Task directions:
Every line from the one with "set \<Rightarrow> 'b" to the one with "n G \<longleftrightarrow>", including those two, is to be copied exactly; all other lines of the entries below are left out.

Records for this task:
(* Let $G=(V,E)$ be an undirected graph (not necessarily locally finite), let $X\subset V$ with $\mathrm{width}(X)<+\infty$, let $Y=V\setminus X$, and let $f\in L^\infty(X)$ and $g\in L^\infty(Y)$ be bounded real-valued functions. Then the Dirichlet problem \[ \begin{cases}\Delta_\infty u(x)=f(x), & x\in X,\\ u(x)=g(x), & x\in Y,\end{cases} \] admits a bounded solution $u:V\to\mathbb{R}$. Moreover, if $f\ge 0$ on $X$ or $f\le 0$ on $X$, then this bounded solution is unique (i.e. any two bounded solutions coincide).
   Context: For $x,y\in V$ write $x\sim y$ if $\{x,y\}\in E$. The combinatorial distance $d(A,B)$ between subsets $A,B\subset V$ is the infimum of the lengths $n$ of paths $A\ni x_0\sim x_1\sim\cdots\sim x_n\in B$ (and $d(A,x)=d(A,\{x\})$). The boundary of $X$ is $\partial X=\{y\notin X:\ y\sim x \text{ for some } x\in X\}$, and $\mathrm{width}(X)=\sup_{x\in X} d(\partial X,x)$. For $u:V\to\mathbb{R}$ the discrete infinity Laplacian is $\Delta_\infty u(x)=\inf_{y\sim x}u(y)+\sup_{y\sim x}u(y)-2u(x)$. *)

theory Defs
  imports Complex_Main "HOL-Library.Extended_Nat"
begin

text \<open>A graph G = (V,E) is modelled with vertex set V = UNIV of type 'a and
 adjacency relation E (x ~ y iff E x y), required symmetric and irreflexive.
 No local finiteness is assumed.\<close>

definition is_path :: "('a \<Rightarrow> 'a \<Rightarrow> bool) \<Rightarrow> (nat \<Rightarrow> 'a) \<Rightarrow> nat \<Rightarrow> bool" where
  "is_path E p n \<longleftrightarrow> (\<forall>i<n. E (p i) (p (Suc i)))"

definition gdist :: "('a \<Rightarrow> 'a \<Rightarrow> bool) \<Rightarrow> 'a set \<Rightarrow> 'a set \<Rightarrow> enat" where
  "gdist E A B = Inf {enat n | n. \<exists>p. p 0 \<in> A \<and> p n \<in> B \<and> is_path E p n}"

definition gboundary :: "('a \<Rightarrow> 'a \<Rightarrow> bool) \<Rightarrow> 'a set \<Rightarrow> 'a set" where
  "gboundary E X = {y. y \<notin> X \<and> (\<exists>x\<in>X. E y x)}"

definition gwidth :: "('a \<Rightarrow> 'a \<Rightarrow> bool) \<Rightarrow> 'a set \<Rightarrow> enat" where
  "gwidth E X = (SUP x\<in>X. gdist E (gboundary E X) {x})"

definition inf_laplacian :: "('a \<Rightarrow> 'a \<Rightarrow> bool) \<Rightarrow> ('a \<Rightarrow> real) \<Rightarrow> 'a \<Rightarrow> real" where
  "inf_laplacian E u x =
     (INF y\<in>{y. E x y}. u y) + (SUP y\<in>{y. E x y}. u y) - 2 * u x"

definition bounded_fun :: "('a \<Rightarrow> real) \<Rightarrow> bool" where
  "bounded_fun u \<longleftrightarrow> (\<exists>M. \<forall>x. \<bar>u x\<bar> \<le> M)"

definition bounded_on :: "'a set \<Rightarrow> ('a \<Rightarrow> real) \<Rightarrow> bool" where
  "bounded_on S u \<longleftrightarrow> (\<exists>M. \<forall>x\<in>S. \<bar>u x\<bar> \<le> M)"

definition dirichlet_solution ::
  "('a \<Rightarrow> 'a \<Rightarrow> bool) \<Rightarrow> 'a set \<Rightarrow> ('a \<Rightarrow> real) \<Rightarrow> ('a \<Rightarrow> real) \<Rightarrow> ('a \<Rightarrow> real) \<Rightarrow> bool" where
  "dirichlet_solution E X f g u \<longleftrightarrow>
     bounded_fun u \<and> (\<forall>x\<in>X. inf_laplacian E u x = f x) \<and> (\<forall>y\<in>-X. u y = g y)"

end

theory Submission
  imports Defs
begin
--
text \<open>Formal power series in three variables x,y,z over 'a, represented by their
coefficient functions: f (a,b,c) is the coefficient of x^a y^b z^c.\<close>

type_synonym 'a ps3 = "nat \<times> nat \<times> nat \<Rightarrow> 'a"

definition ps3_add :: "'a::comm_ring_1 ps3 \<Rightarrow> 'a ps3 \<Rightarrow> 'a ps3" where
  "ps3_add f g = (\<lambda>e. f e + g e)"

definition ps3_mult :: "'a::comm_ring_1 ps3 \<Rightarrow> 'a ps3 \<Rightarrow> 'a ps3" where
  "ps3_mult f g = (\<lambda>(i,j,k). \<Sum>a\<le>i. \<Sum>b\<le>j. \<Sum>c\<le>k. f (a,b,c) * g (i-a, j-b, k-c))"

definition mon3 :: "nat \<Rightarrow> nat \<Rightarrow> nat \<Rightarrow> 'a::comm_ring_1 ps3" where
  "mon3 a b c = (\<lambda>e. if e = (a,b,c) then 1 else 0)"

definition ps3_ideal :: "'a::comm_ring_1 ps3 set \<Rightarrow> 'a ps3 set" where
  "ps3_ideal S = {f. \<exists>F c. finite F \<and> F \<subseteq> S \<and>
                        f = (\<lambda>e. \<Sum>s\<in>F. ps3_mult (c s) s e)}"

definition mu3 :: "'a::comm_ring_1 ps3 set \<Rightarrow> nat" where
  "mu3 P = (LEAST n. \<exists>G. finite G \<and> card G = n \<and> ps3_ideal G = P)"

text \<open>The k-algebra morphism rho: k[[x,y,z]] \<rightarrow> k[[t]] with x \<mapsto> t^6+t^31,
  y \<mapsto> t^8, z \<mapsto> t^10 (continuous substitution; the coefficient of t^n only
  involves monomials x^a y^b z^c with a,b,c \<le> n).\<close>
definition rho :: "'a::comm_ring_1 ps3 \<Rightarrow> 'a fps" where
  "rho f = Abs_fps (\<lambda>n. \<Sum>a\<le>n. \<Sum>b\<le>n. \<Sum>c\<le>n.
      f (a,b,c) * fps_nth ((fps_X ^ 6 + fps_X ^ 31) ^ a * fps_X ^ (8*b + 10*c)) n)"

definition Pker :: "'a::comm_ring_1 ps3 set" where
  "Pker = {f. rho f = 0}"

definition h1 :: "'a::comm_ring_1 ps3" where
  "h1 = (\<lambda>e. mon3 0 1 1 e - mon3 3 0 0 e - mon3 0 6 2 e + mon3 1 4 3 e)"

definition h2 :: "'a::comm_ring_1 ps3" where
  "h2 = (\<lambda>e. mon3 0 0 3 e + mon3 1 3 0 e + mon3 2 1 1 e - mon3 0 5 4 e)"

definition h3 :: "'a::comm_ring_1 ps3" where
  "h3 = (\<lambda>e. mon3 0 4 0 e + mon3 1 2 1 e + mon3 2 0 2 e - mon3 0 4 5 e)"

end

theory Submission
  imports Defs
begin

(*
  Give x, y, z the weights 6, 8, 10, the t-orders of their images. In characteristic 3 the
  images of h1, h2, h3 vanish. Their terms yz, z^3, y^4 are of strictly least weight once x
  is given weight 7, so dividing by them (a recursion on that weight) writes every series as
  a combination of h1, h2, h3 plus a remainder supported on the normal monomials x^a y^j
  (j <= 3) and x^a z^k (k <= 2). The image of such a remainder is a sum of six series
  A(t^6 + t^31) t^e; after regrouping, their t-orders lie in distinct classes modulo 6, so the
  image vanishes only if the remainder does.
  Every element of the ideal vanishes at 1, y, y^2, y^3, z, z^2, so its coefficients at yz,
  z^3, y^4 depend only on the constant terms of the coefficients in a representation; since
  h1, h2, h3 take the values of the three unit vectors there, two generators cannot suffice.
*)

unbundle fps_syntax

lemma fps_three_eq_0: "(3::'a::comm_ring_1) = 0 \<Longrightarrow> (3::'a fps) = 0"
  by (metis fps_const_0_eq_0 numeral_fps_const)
---
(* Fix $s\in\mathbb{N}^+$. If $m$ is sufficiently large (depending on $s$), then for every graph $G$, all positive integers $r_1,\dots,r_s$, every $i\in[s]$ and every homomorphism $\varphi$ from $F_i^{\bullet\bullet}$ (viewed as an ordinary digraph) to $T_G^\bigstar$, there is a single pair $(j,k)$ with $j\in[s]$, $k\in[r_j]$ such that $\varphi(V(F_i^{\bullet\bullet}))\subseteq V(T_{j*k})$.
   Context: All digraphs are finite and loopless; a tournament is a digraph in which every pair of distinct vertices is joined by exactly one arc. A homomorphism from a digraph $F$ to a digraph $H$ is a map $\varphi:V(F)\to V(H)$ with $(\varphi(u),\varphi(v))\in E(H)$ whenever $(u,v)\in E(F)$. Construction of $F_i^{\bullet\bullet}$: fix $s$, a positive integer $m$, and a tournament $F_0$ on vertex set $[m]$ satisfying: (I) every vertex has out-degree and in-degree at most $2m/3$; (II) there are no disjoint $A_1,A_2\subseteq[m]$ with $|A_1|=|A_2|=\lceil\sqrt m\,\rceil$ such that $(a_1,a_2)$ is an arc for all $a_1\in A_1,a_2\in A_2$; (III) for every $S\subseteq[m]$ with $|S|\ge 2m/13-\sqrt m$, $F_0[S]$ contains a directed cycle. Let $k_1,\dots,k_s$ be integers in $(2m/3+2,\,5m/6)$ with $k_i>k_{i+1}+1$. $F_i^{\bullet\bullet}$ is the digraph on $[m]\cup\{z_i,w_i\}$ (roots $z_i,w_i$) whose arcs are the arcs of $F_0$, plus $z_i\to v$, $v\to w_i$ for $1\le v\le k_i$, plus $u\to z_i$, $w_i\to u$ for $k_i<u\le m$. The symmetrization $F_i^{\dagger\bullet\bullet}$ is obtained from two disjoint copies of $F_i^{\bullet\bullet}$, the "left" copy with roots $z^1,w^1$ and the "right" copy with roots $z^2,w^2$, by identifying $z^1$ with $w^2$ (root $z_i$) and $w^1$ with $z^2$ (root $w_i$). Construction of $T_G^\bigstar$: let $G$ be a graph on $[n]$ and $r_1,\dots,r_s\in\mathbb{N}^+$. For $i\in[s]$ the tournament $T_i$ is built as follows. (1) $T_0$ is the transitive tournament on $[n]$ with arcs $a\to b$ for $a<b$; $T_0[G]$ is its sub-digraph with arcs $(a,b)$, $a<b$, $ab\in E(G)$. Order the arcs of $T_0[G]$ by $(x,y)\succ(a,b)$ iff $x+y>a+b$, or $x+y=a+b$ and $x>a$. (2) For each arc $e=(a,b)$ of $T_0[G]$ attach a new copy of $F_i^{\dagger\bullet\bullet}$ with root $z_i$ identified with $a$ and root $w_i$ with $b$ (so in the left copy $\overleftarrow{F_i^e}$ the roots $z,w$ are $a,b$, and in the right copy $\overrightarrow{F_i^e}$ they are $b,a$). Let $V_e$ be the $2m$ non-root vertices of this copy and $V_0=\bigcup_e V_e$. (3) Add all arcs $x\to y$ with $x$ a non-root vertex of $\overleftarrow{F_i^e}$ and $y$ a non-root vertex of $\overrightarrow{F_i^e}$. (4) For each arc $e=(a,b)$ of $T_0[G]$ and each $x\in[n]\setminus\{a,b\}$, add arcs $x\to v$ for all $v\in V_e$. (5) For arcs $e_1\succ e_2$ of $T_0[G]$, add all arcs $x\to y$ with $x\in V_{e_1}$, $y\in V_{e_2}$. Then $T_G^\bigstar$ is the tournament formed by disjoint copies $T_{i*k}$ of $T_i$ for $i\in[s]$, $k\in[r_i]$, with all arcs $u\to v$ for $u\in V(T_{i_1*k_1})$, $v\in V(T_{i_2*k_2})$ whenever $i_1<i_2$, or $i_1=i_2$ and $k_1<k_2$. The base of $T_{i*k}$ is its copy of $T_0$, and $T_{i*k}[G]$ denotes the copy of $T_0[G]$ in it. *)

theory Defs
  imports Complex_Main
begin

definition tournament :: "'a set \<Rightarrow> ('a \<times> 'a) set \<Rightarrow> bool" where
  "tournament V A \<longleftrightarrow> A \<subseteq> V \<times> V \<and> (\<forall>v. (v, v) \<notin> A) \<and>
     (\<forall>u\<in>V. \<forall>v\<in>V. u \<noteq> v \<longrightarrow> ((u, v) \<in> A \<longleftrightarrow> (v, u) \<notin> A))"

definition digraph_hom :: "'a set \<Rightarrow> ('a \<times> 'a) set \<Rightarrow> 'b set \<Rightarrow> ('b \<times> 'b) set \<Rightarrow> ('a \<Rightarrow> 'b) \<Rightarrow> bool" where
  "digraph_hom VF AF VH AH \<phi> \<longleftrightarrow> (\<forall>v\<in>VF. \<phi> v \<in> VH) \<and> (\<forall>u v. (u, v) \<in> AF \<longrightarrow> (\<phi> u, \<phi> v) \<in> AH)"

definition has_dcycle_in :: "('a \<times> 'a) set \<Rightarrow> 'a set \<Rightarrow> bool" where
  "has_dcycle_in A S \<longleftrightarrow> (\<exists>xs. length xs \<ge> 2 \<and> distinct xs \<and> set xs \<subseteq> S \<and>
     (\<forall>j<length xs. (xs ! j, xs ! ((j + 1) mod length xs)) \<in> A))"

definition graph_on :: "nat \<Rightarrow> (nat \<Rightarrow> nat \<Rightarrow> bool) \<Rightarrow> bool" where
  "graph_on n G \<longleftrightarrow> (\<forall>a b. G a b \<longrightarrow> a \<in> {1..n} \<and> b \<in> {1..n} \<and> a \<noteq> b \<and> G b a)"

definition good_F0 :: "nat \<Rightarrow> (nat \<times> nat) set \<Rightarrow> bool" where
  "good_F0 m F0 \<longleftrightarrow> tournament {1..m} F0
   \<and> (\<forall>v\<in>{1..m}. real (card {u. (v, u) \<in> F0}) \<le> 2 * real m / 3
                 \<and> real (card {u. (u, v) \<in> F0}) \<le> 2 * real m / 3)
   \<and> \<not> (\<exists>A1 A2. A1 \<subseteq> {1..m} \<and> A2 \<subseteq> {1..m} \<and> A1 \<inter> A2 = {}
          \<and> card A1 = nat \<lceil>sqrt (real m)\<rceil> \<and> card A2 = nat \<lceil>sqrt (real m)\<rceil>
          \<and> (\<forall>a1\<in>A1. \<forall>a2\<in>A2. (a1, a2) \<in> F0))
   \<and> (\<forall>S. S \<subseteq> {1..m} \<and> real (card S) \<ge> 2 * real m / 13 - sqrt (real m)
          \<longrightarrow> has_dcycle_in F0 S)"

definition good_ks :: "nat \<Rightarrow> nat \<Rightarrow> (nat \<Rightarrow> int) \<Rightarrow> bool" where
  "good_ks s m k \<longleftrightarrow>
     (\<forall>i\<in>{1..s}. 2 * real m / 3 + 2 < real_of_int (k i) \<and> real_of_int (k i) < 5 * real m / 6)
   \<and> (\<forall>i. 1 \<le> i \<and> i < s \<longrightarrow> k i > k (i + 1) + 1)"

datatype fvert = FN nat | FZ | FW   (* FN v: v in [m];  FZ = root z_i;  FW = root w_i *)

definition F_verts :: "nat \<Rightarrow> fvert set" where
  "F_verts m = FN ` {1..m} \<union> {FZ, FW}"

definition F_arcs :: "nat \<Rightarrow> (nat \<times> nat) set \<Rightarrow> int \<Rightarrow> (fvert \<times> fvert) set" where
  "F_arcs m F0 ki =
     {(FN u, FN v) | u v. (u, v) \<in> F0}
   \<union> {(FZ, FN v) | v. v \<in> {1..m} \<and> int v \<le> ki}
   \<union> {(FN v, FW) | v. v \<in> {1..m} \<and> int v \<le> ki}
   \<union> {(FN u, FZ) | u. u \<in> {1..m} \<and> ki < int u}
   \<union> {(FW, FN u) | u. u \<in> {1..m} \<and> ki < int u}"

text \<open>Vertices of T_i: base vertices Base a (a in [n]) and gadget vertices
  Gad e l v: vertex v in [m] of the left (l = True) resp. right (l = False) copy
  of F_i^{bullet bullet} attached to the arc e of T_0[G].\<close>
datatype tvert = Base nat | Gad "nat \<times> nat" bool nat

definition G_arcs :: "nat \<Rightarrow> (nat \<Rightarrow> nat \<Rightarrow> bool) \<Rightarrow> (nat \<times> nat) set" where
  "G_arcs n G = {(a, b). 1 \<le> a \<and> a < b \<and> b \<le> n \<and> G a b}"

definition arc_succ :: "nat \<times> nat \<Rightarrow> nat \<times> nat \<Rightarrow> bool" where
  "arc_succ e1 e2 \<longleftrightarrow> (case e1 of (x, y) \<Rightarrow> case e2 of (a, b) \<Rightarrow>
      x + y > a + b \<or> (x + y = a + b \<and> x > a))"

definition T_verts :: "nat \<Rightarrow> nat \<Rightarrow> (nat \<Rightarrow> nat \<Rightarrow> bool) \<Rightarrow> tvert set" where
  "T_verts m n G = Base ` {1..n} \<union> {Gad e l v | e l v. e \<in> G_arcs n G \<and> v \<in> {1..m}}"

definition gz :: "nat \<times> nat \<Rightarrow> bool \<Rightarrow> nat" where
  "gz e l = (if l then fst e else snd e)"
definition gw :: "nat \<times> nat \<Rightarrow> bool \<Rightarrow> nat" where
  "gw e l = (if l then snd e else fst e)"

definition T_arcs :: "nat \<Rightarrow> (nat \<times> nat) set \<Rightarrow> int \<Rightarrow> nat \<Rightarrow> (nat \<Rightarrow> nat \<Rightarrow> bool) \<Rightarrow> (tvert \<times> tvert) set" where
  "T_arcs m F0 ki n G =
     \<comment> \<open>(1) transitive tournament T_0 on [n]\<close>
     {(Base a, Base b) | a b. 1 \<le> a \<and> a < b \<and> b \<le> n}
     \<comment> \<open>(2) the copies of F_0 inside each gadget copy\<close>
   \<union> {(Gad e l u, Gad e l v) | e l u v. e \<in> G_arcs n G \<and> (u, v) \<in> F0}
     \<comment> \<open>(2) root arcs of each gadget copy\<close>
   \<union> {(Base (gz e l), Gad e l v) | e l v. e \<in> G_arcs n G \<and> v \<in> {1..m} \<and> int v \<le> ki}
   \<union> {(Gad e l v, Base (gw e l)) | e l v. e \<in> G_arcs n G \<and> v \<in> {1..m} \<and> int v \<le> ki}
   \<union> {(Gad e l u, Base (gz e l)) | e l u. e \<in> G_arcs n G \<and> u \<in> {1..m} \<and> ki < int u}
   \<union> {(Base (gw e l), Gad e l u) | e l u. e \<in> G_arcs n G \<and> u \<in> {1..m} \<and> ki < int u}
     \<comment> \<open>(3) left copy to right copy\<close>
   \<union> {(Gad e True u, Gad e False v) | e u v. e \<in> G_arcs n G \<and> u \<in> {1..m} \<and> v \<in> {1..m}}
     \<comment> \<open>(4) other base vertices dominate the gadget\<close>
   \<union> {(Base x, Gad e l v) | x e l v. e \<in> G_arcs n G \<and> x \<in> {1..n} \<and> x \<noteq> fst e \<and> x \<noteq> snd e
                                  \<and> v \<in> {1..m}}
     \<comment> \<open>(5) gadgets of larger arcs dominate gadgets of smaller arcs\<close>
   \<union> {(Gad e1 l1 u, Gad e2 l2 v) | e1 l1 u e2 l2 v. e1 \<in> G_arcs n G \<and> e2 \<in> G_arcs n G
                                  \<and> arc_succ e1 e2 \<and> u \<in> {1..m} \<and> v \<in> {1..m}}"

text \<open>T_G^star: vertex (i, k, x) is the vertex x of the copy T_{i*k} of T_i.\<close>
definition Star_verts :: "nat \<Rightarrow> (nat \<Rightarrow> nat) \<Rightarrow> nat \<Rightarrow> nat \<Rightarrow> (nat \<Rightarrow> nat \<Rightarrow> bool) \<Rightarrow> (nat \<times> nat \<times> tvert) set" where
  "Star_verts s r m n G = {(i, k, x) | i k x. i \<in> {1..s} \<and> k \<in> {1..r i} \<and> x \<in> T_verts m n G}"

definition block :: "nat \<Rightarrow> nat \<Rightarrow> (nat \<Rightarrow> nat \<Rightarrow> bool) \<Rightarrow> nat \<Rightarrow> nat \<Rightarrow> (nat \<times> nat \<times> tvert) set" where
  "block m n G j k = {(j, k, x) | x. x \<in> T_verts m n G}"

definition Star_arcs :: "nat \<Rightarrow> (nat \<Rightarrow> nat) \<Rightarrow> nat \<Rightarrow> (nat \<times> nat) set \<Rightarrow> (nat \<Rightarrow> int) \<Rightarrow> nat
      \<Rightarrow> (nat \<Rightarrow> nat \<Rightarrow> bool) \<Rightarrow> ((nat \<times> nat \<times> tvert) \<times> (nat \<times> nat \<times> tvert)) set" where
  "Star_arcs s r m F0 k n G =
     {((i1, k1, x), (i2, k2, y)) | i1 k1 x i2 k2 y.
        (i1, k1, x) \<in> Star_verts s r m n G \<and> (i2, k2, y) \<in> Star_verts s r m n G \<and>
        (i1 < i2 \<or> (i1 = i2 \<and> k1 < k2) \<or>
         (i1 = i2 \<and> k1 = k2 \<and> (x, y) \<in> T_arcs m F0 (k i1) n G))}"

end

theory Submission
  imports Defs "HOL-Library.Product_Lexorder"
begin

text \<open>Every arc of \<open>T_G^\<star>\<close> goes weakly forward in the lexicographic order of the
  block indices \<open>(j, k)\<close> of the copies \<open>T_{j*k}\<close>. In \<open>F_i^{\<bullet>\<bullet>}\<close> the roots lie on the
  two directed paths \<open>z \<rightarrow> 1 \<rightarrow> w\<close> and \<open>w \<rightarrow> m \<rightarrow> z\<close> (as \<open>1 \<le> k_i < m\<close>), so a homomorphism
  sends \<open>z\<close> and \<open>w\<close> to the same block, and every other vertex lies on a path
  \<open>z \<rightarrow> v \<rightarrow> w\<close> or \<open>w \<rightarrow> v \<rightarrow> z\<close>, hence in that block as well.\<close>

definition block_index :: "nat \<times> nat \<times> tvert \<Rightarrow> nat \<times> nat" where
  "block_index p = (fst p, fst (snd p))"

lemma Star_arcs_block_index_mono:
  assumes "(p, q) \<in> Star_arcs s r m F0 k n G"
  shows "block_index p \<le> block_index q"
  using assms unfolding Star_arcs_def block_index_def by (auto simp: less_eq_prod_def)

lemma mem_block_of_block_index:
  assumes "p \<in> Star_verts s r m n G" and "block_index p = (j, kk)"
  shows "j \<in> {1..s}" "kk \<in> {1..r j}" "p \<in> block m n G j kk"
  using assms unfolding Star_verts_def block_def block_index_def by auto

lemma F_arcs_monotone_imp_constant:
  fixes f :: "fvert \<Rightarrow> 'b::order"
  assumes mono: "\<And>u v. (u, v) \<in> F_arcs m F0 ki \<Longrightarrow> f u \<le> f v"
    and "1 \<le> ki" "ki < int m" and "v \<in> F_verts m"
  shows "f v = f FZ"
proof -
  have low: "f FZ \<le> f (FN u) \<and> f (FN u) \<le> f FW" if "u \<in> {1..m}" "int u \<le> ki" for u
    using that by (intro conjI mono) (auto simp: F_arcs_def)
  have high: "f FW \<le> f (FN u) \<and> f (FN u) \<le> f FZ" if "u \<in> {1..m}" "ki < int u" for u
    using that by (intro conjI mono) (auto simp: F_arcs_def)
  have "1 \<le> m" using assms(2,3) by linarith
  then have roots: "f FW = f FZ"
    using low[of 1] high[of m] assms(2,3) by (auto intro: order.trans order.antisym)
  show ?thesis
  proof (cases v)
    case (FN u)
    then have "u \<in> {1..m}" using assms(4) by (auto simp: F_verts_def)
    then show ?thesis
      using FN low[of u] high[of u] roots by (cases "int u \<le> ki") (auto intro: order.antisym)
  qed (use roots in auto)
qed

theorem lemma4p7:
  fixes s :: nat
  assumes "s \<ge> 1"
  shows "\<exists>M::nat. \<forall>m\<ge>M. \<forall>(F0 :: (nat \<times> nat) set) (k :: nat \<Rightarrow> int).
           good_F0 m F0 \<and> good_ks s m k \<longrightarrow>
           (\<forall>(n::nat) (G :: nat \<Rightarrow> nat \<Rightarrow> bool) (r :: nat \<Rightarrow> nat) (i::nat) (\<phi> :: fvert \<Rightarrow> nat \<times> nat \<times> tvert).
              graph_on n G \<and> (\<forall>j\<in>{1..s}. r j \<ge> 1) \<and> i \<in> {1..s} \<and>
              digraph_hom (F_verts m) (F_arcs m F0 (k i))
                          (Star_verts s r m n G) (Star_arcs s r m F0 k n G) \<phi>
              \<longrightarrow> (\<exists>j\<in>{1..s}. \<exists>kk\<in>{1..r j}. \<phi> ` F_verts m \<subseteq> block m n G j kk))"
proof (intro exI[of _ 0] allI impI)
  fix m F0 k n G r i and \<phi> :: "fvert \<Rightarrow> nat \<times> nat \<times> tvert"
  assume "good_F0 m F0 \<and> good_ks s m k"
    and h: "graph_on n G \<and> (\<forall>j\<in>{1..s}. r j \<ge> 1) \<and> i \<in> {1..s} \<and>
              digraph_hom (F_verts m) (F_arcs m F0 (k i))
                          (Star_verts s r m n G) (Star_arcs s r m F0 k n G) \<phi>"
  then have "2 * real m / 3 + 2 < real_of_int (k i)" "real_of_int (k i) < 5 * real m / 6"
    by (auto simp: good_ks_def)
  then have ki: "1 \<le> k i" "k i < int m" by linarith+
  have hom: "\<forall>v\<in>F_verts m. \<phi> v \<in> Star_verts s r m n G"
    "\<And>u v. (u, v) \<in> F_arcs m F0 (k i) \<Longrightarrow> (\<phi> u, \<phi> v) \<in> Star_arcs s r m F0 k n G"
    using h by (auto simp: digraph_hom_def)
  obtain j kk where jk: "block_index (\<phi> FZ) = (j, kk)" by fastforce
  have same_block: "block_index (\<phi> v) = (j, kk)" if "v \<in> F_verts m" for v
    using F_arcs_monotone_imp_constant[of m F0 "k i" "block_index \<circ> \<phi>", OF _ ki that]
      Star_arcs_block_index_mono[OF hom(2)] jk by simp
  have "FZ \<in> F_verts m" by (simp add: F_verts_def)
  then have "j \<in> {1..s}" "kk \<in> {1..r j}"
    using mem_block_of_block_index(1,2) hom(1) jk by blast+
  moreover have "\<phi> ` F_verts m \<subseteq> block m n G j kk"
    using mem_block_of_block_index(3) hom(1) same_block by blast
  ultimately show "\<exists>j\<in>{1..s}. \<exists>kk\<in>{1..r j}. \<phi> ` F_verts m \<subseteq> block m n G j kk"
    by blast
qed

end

Solved problem:
definition digraph_hom :: "'a set \<Rightarrow> ('a \<times> 'a) set \<Rightarrow> 'b set \<Rightarrow> ('b \<times> 'b) set \<Rightarrow> ('a \<Rightarrow> 'b) \<Rightarrow> bool" where
  "digraph_hom VF AF VH AH \<phi> \<longleftrightarrow> (\<forall>v\<in>VF. \<phi> v \<in> VH) \<and> (\<forall>u v. (u, v) \<in> AF \<longrightarrow> (\<phi> u, \<phi> v) \<in> AH)"

definition has_dcycle_in :: "('a \<times> 'a) set \<Rightarrow> 'a set \<Rightarrow> bool" where
  "has_dcycle_in A S \<longleftrightarrow> (\<exists>xs. length xs \<ge> 2 \<and> distinct xs \<and> set xs \<subseteq> S \<and>
     (\<forall>j<length xs. (xs ! j, xs ! ((j + 1) mod length xs)) \<in> A))"

definition graph_on :: "nat \<Rightarrow> (nat \<Rightarrow> nat \<Rightarrow> bool) \<Rightarrow> bool" where
  "graph_on n G \<longleftrightarrow> (\<forall>a b. G a b \<longrightarrow> a \<in> {1..n} \<and> b \<in> {1..n} \<and> a \<noteq> b \<and> G b a)"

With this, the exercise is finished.